I enjoyed this book because, as flawed as the two main characters were, I could relate to both of them. As a once-20-yr-old mother, who made her own share of mistakes because of immaturity, I could relate to Opal. As a middle-aged woman who lost a teenage child, I could relate to Rose and the fact that her grief was a constant part of her life. Yet both these characters carried those traits to extremes that, thank God, I did not.The book is well written. There are a couple of surprising twists thrown into what would otherwise be just a "situation" rather than a plot. Male readers would probably hate it this boo, but I personally found it a very good read.
—Lois Duncan
4 STARS"In Anne D. LeClaire's Entering Normal, two women are bound by the shared trials of motherhood: birth, hope, separation, and grief. Though Rose Nelson is an older woman still mourning her son, who died five years ago, and Opal Gates is a young single mother scrabbling to raise her 5-year-old son, the two women begin to cleave together.Both move through their worlds in a dreamlike trance, only surfacing above their own self-absorption when confronted by the violence of life: infidelity, passion, jealousy, and death. Though emotionally clueless men bumble around Rose and Opal, they are never able to pierce through these women's barriers. Rose and Opal are too convinced of their own needs--Opal believes she needs no one, while Rose focuses only on her dead son. As the two begin to find each other, the reader awaits the moments of growth that allow them to see beyond themselves." (From Amazon)I picked this novel up for $2 not thinking anything of it and was pleasantly surprised how good it was. A funny warm novel.

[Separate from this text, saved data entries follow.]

lemma kth_last_antimono:
  "finite S \<Longrightarrow> 0 < i \<Longrightarrow> i \<le> j \<Longrightarrow> j \<le> card S \<Longrightarrow> kth_last S j \<le> kth_last S i"
  by (simp add: kth_last_eq_nth sorted_nth_mono)

section \<open>The crossing matching\<close>

lemma mem_cross_connect_iff:
  assumes "finite X" "finite Y" "card X = card Y"
  shows "(u, v) \<in> cross_connect X Y \<longleftrightarrow>
    u \<in> X \<and> v \<in> Y \<and> rank X u + rank Y v + 1 = card X"
proof
  assume "(u, v) \<in> cross_connect X Y"
  then obtain i where i: "i < card X" "u = sorted_list_of_set X ! i"
    and v: "v = sorted_list_of_set Y ! (card Y - 1 - i)"
    using assms unfolding cross_connect_def by (auto simp: rev_nth)
  have "card Y - 1 - i < card Y" using i assms by linarith
  then show "u \<in> X \<and> v \<in> Y \<and> rank X u + rank Y v + 1 = card X"
    using i v assms
    by (simp add: sorted_list_of_set_nth_mem rank_nth_sorted_list_of_set)
next
  assume uv: "u \<in> X \<and> v \<in> Y \<and> rank X u + rank Y v + 1 = card X"
  then have "rank X u < card X" "rank Y v = card Y - 1 - rank X u"
    using assms by linarith+
  moreover have "v = sorted_list_of_set Y ! rank Y v" "u = sorted_list_of_set X ! rank X u"
    using uv assms by (simp_all add: nth_sorted_list_of_set_rank)
  ultimately show "(u, v) \<in> cross_connect X Y"
    using assms unfolding cross_connect_def by (auto simp: rev_nth)
qed

lemma cross_connect_subset:
  assumes "finite X" "finite Y" "card X \<le> card Y"
  shows "cross_connect X Y \<subseteq> X \<times> Y"
  using assms unfolding cross_connect_def
  by (auto simp: rev_nth sorted_list_of_set_nth_mem)

lemma finite_Ibar [simp]: "finite (Ibar n r)"
  unfolding Ibar_def by simp

lemma finite_Aset [simp]: "finite (Aset n r a k)"
  unfolding Aset_def by simp

lemma finite_Bset [simp]: "finite (Bset n r b k)"
  unfolding Bset_def by simp

lemma phi_subset_levels:
  "phi d n r a b \<subseteq> {(u, v) \<in> Ibar n r \<times> Ibar n r. b v = a u}"
proof -
  have piece: "cross_connect X Y \<subseteq> Aset n r a k \<times> Bset n r b k"
    if "X \<subseteq> Aset n r a k" "Y \<subseteq> Bset n r b k" "card X \<le> card Y" for k X Y
    using that cross_connect_subset[of X Y] finite_subset[OF _ finite_Aset] finite_subset[OF _ finite_Bset]
    by blast
  have "(let A = Aset n r a k; B = Bset n r b k in
      if card A \<ge> card B
      then cross_connect (set (take (card B) (sorted_list_of_set A))) B
      else cross_connect A (set (drop (card B - card A) (sorted_list_of_set B))))
    \<subseteq> Aset n r a k \<times> Bset n r b k" for k
  proof -
    let ?A = "Aset n r a k" and ?B = "Bset n r b k"
    show ?thesis
    proof (cases "card ?B \<le> card ?A")
      case True
      have "cross_connect (set (take (card ?B) (sorted_list_of_set ?A))) ?B \<subseteq> ?A \<times> ?B"
        using card_length[of "take (card ?B) (sorted_list_of_set ?A)"]
        by (intro piece) (auto dest: in_set_takeD)
      with True show ?thesis by (simp add: Let_def)
    next
      case False
      have "cross_connect ?A (set (drop (card ?B - card ?A) (sorted_list_of_set ?B))) \<subseteq> ?A \<times> ?B"
        using False by (intro piece) (auto dest: in_set_dropD simp: distinct_card)
      with False show ?thesis by (simp add: Let_def)
    qed
  qed
  then show ?thesis
    unfolding phi_def by (fastforce simp: Aset_def Bset_def)
qed
(* The matrix $A$ normalizes the group $\mathrm{H}$, that is, $A\mathrm{H}A^{-1}=\mathrm{H}$.
   Context: Let $\langle x,y\rangle=x_1y_1+\dots+x_6y_6-x_7y_7$ on $\mathbb{R}^7$, $H^6=\{x:\langle x,x\rangle=-1,x_7>0\}$, and $e_1,\dots,e_7$ the standard basis. $\Gamma^6=PO_{6,1}\mathbb{Z}$ is the group of $7\times7$ integer matrices preserving $\langle\cdot,\cdot\rangle$ and mapping $H^6$ to itself. $\mathrm{K}^6$ is the group of the $64$ matrices $\mathrm{diag}(\varepsilon_1,\dots,\varepsilon_6,1)$, $\varepsilon_i=\pm1$. Define vectors $u_1,\dots,u_{27}$: $u_i=-e_i$ for $1\le i\le 6$; $u_7,\dots,u_{21}$ are $e_a+e_b+e_7$ for the pairs $(a,b)=(1,2),(1,3),(2,3),(1,4),(2,4),(3,4),(1,5),(2,5),(3,5),(4,5),(1,6),(2,6),(3,6),(4,6),(5,6)$ in this order; $u_{22},\dots,u_{27}$ are $\sum_{i=1}^6e_i-e_c+2e_7$ for $c=6,5,4,3,2,1$ in this order. Let $R_j$ be the reflection $x\mapsto x-2\langle x,u_j\rangle u_j$. For $7\le j\le27$ let $k_j\in\mathrm{K}^6$ be the matrix with $\varepsilon_i=-1$ exactly for $i\in N_j$, where $N_7=\{2,3,5\}$, $N_8=\{1,2,3,4,5\}$, $N_9=\{3,4,5\}$, $N_{10}=\{1,2,3,5,6\}$, $N_{11}=\{1,4,6\}$, $N_{12}=\{2,3,5\}$, $N_{13}=\{3,4,5\}$, $N_{14}=\{1,2,5\}$, $N_{15}=\{5\}$, $N_{16}=\{2,4,6\}$, $N_{17}=\{1,2,5\}$, $N_{18}=\{2,4,6\}$, $N_{19}=\{6\}$, $N_{20}=\{1,3,4\}$, $N_{21}=\{1,2,3,5,6\}$, $N_{22}=\{1,3,4\}$, $N_{23}=\{2\}$, $N_{24}=\{1,4,6\}$, $N_{25}=\{1,2,3,4,5\}$, $N_{26}=\{4\}$, $N_{27}=\{3\}$. Let $\mathrm{H}$ be the subgroup of $\Gamma^6$ generated by all matrices $\ell R_j\ell k_j$ with $\ell\in\mathrm{K}^6$ and $7\le j\le 27$. Let $A=\begin{pmatrix}1&0&0&0&0&0&0\\0&1&0&0&1&0&-1\\0&0&0&0&0&1&0\\0&-1&0&-1&0&0&1\\0&0&1&0&0&0&0\\0&0&0&-1&-1&0&1\\0&-1&0&-1&-1&0&2\end{pmatrix}\in\Gamma^6.$ *)

theory Defs
  imports "Jordan_Normal_Form.Matrix" "HOL-Algebra.Generated_Groups"
begin

(* Vectors of R^7 / Z^7 are JNF vectors of dimension 7, with 0-based indices:
   coordinate x_i of the paper is  x $ (i-1);  e_i is  unit_vec 7 (i-1). *)

definition lor :: "'a::comm_ring vec \<Rightarrow> 'a vec \<Rightarrow> 'a" where
  "lor x y = (\<Sum>i<6. x $ i * y $ i) - x $ 6 * y $ 6"

definition H6 :: "real vec set" where
  "H6 = {x \<in> carrier_vec 7. lor x x = -1 \<and> x $ 6 > 0}"

definition Gamma6_set :: "int mat set" where
  "Gamma6_set = {M \<in> carrier_mat 7 7.
     (\<forall>x\<in>carrier_vec 7. \<forall>y\<in>carrier_vec 7.
        lor (map_mat real_of_int M *\<^sub>v x) (map_mat real_of_int M *\<^sub>v y) = lor x y) \<and>
     (\<lambda>x. map_mat real_of_int M *\<^sub>v x) ` H6 = H6}"

definition Gamma6 :: "int mat monoid" where
  "Gamma6 = \<lparr>carrier = Gamma6_set, mult = (*), one = 1\<^sub>m 7\<rparr>"

(* diag(eps_1,...,eps_6,1) with eps_i = -1 exactly for i in N (1-based) *)
definition kmat :: "nat set \<Rightarrow> int mat" where
  "kmat N = mat 7 7 (\<lambda>(i,j). if i = j then (if i < 6 \<and> Suc i \<in> N then -1 else 1) else 0)"

definition K6 :: "int mat set" where
  "K6 = {kmat N | N. N \<subseteq> {1..6}}"

definition e :: "nat \<Rightarrow> int vec" where
  "e i = unit_vec 7 (i - 1)"

definition u :: "nat \<Rightarrow> int vec" where
  "u j = (if j \<le> 6 then - e j
          else if j \<le> 21 then
            (let (a, b) = [(1,2),(1,3),(2,3),(1,4),(2,4),(3,4),(1,5),(2,5),(3,5),(4,5),
                           (1,6),(2,6),(3,6),(4,6),(5,6)] ! (j - 7)
             in e a + e b + e 7)
          else
            (let c = [6,5,4,3,2,1::nat] ! (j - 22)
             in (e 1 + e 2 + e 3 + e 4 + e 5 + e 6) - e c + 2 \<cdot>\<^sub>v e 7))"

(* matrix of the reflection x \<mapsto> x - 2<x,v>v : column b is the image of e_{b+1} *)
definition refl_mat :: "int vec \<Rightarrow> int mat" where
  "refl_mat v = mat 7 7 (\<lambda>(a,b). (if a = b then 1 else 0) - 2 * lor (unit_vec 7 b) v * v $ a)"

definition R :: "nat \<Rightarrow> int mat" where
  "R j = refl_mat (u j)"

definition N :: "nat \<Rightarrow> nat set" where
  "N j = [{2,3,5},{1,2,3,4,5},{3,4,5},{1,2,3,5,6},{1,4,6},{2,3,5},{3,4,5},{1,2,5},{5},
          {2,4,6},{1,2,5},{2,4,6},{6},{1,3,4},{1,2,3,5,6},{1,3,4},{2},{1,4,6},
          {1,2,3,4,5},{4},{3}] ! (j - 7)"

definition k :: "nat \<Rightarrow> int mat" where
  "k j = kmat (N j)"

definition Hgens :: "int mat set" where
  "Hgens = {l * R j * l * k j | l j. l \<in> K6 \<and> 7 \<le> j \<and> j \<le> 27}"

definition Hgrp :: "int mat set" where
  "Hgrp = generate Gamma6 Hgens"

definition A :: "int mat" where
  "A = mat_of_rows_list 7
    [[1,0,0,0,0,0,0],
     [0,1,0,0,1,0,-1],
     [0,0,0,0,0,1,0],
     [0,-1,0,-1,0,0,1],
     [0,0,1,0,0,0,0],
     [0,0,0,-1,-1,0,1],
     [0,-1,0,-1,-1,0,2]]"

end

(* Write R_i for the reflection in u_i, so that R_i = k_{i} for i <= 6.  The generators
   l R_j l k_j of H show that R_j agrees with k_j modulo H, and an induction on words shows
   that a product of reflections lies in H as soon as the sign changes attached to its
   letters cancel.  The Lorentzian matrix X = k_{2} A permutes the roots, X u_i = u_(tau i),
   hence X R_i X^-1 = R_(tau i); as tau respects the relations R_j = prod_{i in N_j} R_i
   (mod H), conjugation by X maps each generator of H to a word with cancelling signs.  The
   same holds for A^-1 k_{2}, and K^6 normalises H because it permutes the generators.
   Since A = k_{2} X and A^-1 = (A^-1 k_{2}) k_{2}, both A H A^-1 and A^-1 H A lie in H. *)

theory Submission
  imports Defs
begin

section \<open>Lorentz-orthogonal matrices\<close>

lemma mult_carrier_mat_7 [simp]:
  "P \<in> carrier_mat 7 7 \<Longrightarrow> Q \<in> carrier_mat 7 7 \<Longrightarrow> P * Q \<in> carrier_mat 7 7"
  by (rule mult_carrier_mat)

lemma left_mult_one_mat_7 [simp]: "(P :: 'a::semiring_1 mat) \<in> carrier_mat 7 7 \<Longrightarrow> 1\<^sub>m 7 * P = P"
  by (rule left_mult_one_mat)

lemma right_mult_one_mat_7 [simp]: "(P :: 'a::semiring_1 mat) \<in> carrier_mat 7 7 \<Longrightarrow> P * 1\<^sub>m 7 = P"
  by (rule right_mult_one_mat)

lemma assoc_mult_mat_7:
  "P \<in> carrier_mat 7 7 \<Longrightarrow> Q \<in> carrier_mat 7 7 \<Longrightarrow> T \<in> carrier_mat 7 7 \<Longrightarrow>
    P * Q * T = P * (Q * T)"
  by (rule assoc_mult_mat)

lemma index_mult_mat_7:
  "P \<in> carrier_mat 7 7 \<Longrightarrow> Q \<in> carrier_mat 7 7 \<Longrightarrow> a < 7 \<Longrightarrow> b < 7 \<Longrightarrow>
    (P * Q) $$ (a,b) = (\<Sum>t<7. P $$ (a,t) * Q $$ (t,b))"
  by (simp add: scalar_prod_def lessThan_atLeast0)

lemma transpose_mat_diag [simp]: "transpose_mat (mat_diag n f) = mat_diag n f"
  by (rule eq_matI) (auto simp: mat_diag_def)

definition lorentz_sign :: "nat \<Rightarrow> 'a::comm_ring_1" where
  "lorentz_sign i = (if i = 6 then -1 else 1)"

definition lorentz_mat :: "'a::comm_ring_1 mat" where
  "lorentz_mat = mat_diag 7 lorentz_sign"

lemma lorentz_mat_carrier [simp]: "lorentz_mat \<in> carrier_mat 7 7"
  by (simp add: lorentz_mat_def)

definition lorentzian :: "'a::comm_ring_1 mat \<Rightarrow> bool" where
  "lorentzian M \<longleftrightarrow> M \<in> carrier_mat 7 7 \<and> transpose_mat M * lorentz_mat * M = lorentz_mat"

lemma lor_conv_sum: "lor x y = (\<Sum>i<7. x $ i * lorentz_sign i * y $ i)"
  by (simp add: lor_def lorentz_sign_def lessThan_Suc numeral_eq_Suc)

lemma lor_conv_scalar_prod:
  assumes "y \<in> carrier_vec 7"
  shows "lor x y = x \<bullet> (lorentz_mat *\<^sub>v y)"
  using assms
  by (simp add: lor_def lorentz_mat_def lorentz_sign_def mat_diag_def scalar_prod_def
      lessThan_atLeast0[symmetric] lessThan_Suc numeral_eq_Suc)

lemma lor_unit_vec:
  assumes "b < 7"
  shows "lor (unit_vec 7 b) v = lorentz_sign b * v $ b" "lor v (unit_vec 7 b) = lorentz_sign b * v $ b"
  using assms
  by (simp_all add: lor_conv_sum if_distrib[of "\<lambda>z. z * _"] if_distrib[of "\<lambda>z. _ * z"]
      cong: if_cong)
lemma unimodular_map_to_midpoint:
  fixes p q u g :: "real^'n"
  assumes u: "u \<noteq> 0" "u \<bullet> p = 0" "u \<bullet> q = 0" "\<forall>r\<in>R. u \<bullet> r = 0"
    and g: "g \<bullet> q = 1" "g \<bullet> p = 0" "\<forall>r\<in>R. g \<bullet> r = 0"
  obtains f where "linear f" "det (matrix f) = 1" "f p = p" "f q = midpoint p q" "\<forall>r\<in>R. f r = r"
    "\<forall>z\<in>span {u}. adjoint f ((1/2) *\<^sub>R z) = z"
proof
  define c where "c = 1 / (u \<bullet> u)"
  define d where "d = midpoint p q - q"
  define f where "f = rank_one_update (c *\<^sub>R u) u \<circ> rank_one_update d g"
  have cu: "c * (u \<bullet> u) = 1" using u(1) by (simp add: c_def)
  have dg: "d \<bullet> g = -1/2"
    using g by (simp add: d_def midpoint_def inner_commute[of _ g] inner_diff_right inner_add_right)
  have du: "d \<bullet> u = 0"
    using u by (simp add: d_def midpoint_def inner_commute[of _ u] inner_diff_right inner_add_right)
  have fix_normal: "rank_one_update (c *\<^sub>R u) u x = x" if "u \<bullet> x = 0" for x
    using that by (simp add: rank_one_update_def)
  show "linear f" unfolding f_def by (intro linear_compose linear_rank_one_update)
  have "matrix f = matrix (rank_one_update (c *\<^sub>R u) u) ** matrix (rank_one_update d g)"
    unfolding f_def by (rule matrix_compose[OF linear_rank_one_update linear_rank_one_update])
  then show "det (matrix f) = 1" using cu dg by (simp add: det_mul det_rank_one_update)
  show "f p = p" using u g fix_normal by (simp add: f_def rank_one_update_def)
  have "u \<bullet> midpoint p q = 0" using u by (simp add: midpoint_def inner_add_right)
  then show "f q = midpoint p q" using g fix_normal by (simp add: f_def rank_one_update_def d_def)
  show "\<forall>r\<in>R. f r = r" using u g fix_normal by (simp add: f_def rank_one_update_def)
  have adjoint_f: "adjoint f = rank_one_update g d \<circ> rank_one_update u (c *\<^sub>R u)"
    unfolding f_def by (simp add: adjoint_compose linear_rank_one_update adjoint_rank_one_update)
  show "\<forall>z\<in>span {u}. adjoint f ((1/2) *\<^sub>R z) = z"
  proof
    fix z assume "z \<in> span {u}"
    then obtain s where z: "z = s *\<^sub>R u" by (auto simp: span_singleton)
    have "(c *\<^sub>R u) \<bullet> ((1/2) *\<^sub>R z) = (s/2) * (c * (u \<bullet> u))" by (simp add: z algebra_simps)
    then have "rank_one_update u (c *\<^sub>R u) ((1/2) *\<^sub>R z) = z"
      using cu by (simp add: rank_one_update_def z vec_eq_iff field_simps)
    moreover have "rank_one_update g d z = z" using du by (simp add: rank_one_update_def z)
    ultimately show "adjoint f ((1/2) *\<^sub>R z) = z" by (simp add: adjoint_f)
  qed
qed
lemma sum_le_over_separated_disjoint_balls:
  fixes z :: "'a::euclidean_space" and w :: "nat \<Rightarrow> 'a" and f :: "nat \<Rightarrow> real"
  assumes J: "finite J" and \<rho>: "\<rho> > 0"
    and disj: "\<And>j j'. j \<in> J \<Longrightarrow> j' \<in> J \<Longrightarrow> j \<noteq> j' \<Longrightarrow> ball (w j) \<rho> \<inter> ball (w j') \<rho> = {}"
    and far: "\<And>j. j \<in> J \<Longrightarrow> \<rho> \<le> dist z (w j)"
    and \<eta>: "0 < \<eta>" "\<eta> \<le> 1"
    and f: "\<And>j. j \<in> J \<Longrightarrow> f j \<le> (\<eta> / (4 * 3 ^ DIM('a))) powr ((dist z (w j) / \<rho>)^2)"
  shows "sum f J \<le> \<eta> / 3"
proof -
  define a :: real where "a = 1 / (4 * 3 ^ DIM('a))"
  define k where "k j = nat \<lfloor>dist z (w j) / \<rho>\<rfloor>" for j
  have "1 \<le> 4 * (3::real) ^ DIM('a)"
    using one_le_power[of "3::real" "DIM('a)"] by linarith
  then have a: "0 < a" "a \<le> 1" by (simp_all add: a_def)
  have one_le: "1 \<le> dist z (w j) / \<rho>" if "j \<in> J" for j
    using far[OF that] \<rho> by simp
  have k: "1 \<le> k j" if "j \<in> J" for j
    using one_le[OF that] by (simp add: k_def le_nat_floor)
  have term_le: "f j \<le> \<eta> * a ^ k j" if j: "j \<in> J" for j
  proof -
    have "f j \<le> (a * \<eta>) ^ k j"
      using f[OF j] powr_square_le_power_floor[OF _ _ one_le[OF j], of "a * \<eta>"] a \<eta>
      by (simp add: a_def k_def mult_le_one)
    also have "\<dots> \<le> \<eta> * a ^ k j"
      using \<eta> a k[OF j] by (simp add: power_mult_distrib mult.commute mult_left_mono power_le_one
          power_decreasing[of 1 "k j" \<eta>, simplified])
    finally show ?thesis .
  qed
  have "sum f J \<le> \<eta> * (\<Sum>j\<in>J. a ^ k j)"
    using sum_mono[OF term_le] by (simp add: sum_distrib_left)
  also have "(\<Sum>j\<in>J. a ^ k j) = (\<Sum>n\<in>k ` J. \<Sum>j\<in>{j\<in>J. k j = n}. a ^ k j)"
    by (rule sum.image_gen[OF J])
  also have "\<dots> = (\<Sum>n\<in>k ` J. real (card {j\<in>J. k j = n}) * a ^ n)"
    by (intro sum.cong refl) simp
  also have "\<dots> \<le> (\<Sum>n\<in>k ` J. (1/4) ^ n)"
  proof (rule sum_mono)
    fix n assume "n \<in> k ` J"
    then have n: "1 \<le> n" using k by auto
    have "real (card {j\<in>J. k j = n}) * a ^ n \<le> 3 ^ (n * DIM('a)) * a ^ n"
      using card_floor_dist_layer_le[where z = z and w = w, OF J \<rho> n disj] a
      by (intro mult_right_mono) (simp_all add: k_def)
    also have "\<dots> = (3 ^ DIM('a) * a) ^ n"
      by (metis mult.commute power_mult power_mult_distrib)
    also have "3 ^ DIM('a) * a = 1/4" by (simp add: a_def)
    finally show "real (card {j\<in>J. k j = n}) * a ^ n \<le> (1/4) ^ n" .
  qed
  also have "\<dots> \<le> 1/3"
    using J k by (intro sum_quarter_powers_le) force+
  finally show ?thesis using \<eta> by (simp add: mult_left_mono)
qed
(* For every $k\ge1$, a transduction $f:\Sigma^*\rightharpoonup\Gamma^*$ is $k$-lexicographic (i.e. belongs to $\mathsf{Lex}_k$) if and only if it is $k$-lexicographic automatic.
   Context: Alphabets are finite. For words $u,v$ of equal length over alphabets $\Sigma_1,\Sigma_2$, $u\otimes v$ is the word over $\Sigma_1\times\Sigma_2$ with $(u\otimes v)[i]=(u[i],v[i])$. A transduction is a partial function $f:\Sigma^*\rightharpoonup\Gamma^*$. A simple transduction is a transduction $f=\sum_{i=1}^n L_i\triangleright w_i$, where $L_1,\dots,L_n\subseteq\Sigma^*$ are pairwise disjoint regular languages and each $w_i\in\Gamma^{\le 1}$ is a word of length at most 1. It satisfies $f(u)=w_i$ if $u\in L_i$, and $f(u)$ is undefined if $u\notin\bigcup_iL_i$. An ordered alphabet is a pair $\lambda=(B,\prec)$ with $B$ a finite set and $\prec$ a strict linear order on $B$. The order is extended to $B^n$ for each $n$ by: $u\prec v$ iff there is $i\le n$ with $u[i]\prec v[i]$ and $u[j]=v[j]$ for all $i<j\le n$ (most significant letter on the right). For a transduction $f:(\Sigma\times B)^*\rightharpoonup\Gamma^*$, the transduction $\mathsf{maplex}_\lambda f:\Sigma^*\rightharpoonup\Gamma^*$ maps $u$ to $f(u\otimes b_1)f(u\otimes b_2)\cdots f(u\otimes b_m)$, where $b_1\prec\cdots\prec b_m$ is the increasing enumeration of all of $B^{|u|}$. It is defined on $u$ iff every $f(u\otimes b_j)$ is defined. The classes are defined inductively: - $\mathsf{Lex}_0$ is the class of simple transductions; - $\mathsf{Lex}_{k+1}=\{\mathsf{maplex}_\lambda f: \lambda=(B,\prec)\text{ an ordered alphabet},\ f:(\Sigma\times B)^*\rightharpoonup\Gamma^*\text{ in }\mathsf{Lex}_k\}$; - $\mathsf{Lex}=\bigcup_k\mathsf{Lex}_k$, the lexicographic transductions. Elements of $\mathsf{Lex}_k$ are called $k$-lexicographic. A $k$-lexicographic automatic transducer from $\Sigma^*$ to $\Gamma^*$ consists of: - ordered alphabets $\lambda_i=(B_i,\prec_i)$, $1\le i\le k$, with $B=B_1\times\cdots\times B_k$; - finite automata $A_{dom}$ over $\Sigma$, $A_{univ}$ over $\Sigma\times B$, and $A_\gamma$ over $\Sigma\times B$ for each $\gamma\in\Gamma$. These must satisfy: for every $u\in L(A_{dom})$ and every $x$ with $u\otimes x\in L(A_{univ})$, exactly one $\gamma$ has $u\otimes x\in L(A_\gamma)$. For $x=x_1\otimes\cdots\otimes x_k$ and $y=y_1\otimes\cdots\otimes y_k$ with $x_i,y_i\in B_i^n$, let $x\prec_{\bar\lambda}y$ iff there is $i$ with $x_i\prec_i y_i$ (in the lexicographic extension) and $x_j=y_j$ for all $j<i$. On $u\in L(A_{dom})$, the output is the word whose positions are the elements of $V=\{x\in B^{|u|}: u\otimes x\in L(A_{univ})\}$ in increasing $\prec_{\bar\lambda}$-order, position $x$ carrying the label $\gamma$ with $u\otimes x\in L(A_\gamma)$. The output is undefined if $u\notin L(A_{dom})$. A transduction is $k$-lexicographic automatic if it is defined by such a transducer. *)

theory Defs
  imports Main
begin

—Kris - My Novelesque Life
This was a pick up while at the beach with my family. Well written with characters I easily saw keeping company in the same neighborhood as my granny. The names of the two mothers (Opal and Rose) and the associations one can have to those words added to the expansion of the characters. Alternating 1st person perspective between these two women created a lovely balance as the story built up to the pivotal (and thus transformitive) crisis point. And I am always down with the belief in signs. Good enough read, though not my usual content.